++++ Data supplied ++++

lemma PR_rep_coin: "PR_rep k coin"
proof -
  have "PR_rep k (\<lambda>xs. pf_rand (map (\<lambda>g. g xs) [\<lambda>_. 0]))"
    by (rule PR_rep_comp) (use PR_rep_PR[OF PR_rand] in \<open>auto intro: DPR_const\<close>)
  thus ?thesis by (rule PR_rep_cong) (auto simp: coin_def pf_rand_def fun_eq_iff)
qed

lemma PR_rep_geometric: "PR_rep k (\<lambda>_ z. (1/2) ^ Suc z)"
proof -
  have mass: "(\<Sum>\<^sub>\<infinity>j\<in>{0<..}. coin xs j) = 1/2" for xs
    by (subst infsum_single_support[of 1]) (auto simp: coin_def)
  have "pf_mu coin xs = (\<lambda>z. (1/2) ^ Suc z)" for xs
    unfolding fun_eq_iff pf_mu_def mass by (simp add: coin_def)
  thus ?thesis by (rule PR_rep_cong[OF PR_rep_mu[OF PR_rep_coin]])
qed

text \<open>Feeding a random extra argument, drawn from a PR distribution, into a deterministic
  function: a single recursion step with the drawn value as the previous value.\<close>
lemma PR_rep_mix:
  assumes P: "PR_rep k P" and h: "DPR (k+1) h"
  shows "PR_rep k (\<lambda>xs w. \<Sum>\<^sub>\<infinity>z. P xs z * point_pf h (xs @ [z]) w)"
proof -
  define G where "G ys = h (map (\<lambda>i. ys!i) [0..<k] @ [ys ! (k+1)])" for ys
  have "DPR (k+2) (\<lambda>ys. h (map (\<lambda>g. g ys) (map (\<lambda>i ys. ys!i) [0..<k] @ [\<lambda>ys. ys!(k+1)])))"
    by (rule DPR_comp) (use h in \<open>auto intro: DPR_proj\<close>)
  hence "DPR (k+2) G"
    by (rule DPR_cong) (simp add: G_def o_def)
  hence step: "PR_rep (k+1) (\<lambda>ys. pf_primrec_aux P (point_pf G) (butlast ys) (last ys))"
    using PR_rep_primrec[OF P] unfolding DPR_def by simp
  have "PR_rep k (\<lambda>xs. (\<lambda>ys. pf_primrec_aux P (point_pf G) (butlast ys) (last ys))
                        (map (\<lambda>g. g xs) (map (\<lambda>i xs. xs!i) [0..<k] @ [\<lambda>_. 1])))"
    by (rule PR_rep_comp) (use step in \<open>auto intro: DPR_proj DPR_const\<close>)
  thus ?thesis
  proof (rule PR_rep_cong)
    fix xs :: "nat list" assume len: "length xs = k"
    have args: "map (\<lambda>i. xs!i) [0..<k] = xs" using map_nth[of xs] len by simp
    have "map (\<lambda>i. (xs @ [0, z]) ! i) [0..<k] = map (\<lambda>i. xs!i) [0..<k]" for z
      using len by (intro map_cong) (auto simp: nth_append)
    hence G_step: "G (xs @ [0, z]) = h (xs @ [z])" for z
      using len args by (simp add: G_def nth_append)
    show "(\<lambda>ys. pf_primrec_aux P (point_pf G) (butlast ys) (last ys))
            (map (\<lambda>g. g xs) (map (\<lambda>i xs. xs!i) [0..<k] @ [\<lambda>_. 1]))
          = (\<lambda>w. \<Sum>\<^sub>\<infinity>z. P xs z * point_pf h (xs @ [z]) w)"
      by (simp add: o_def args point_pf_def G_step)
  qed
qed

++++

Your goal |
Please go through the data above and copy each line containing the word "intro".

Response area |
    by (rule PR_rep_comp) (use PR_rep_PR[OF PR_rand] in \<open>auto intro: DPR_const\<close>)
    by (rule DPR_comp) (use h in \<open>auto intro: DPR_proj\<close>)
    by (rule PR_rep_comp) (use step in \<open>auto intro: DPR_proj DPR_const\<close>)
      using len by (intro map_cong) (auto simp: nth_append)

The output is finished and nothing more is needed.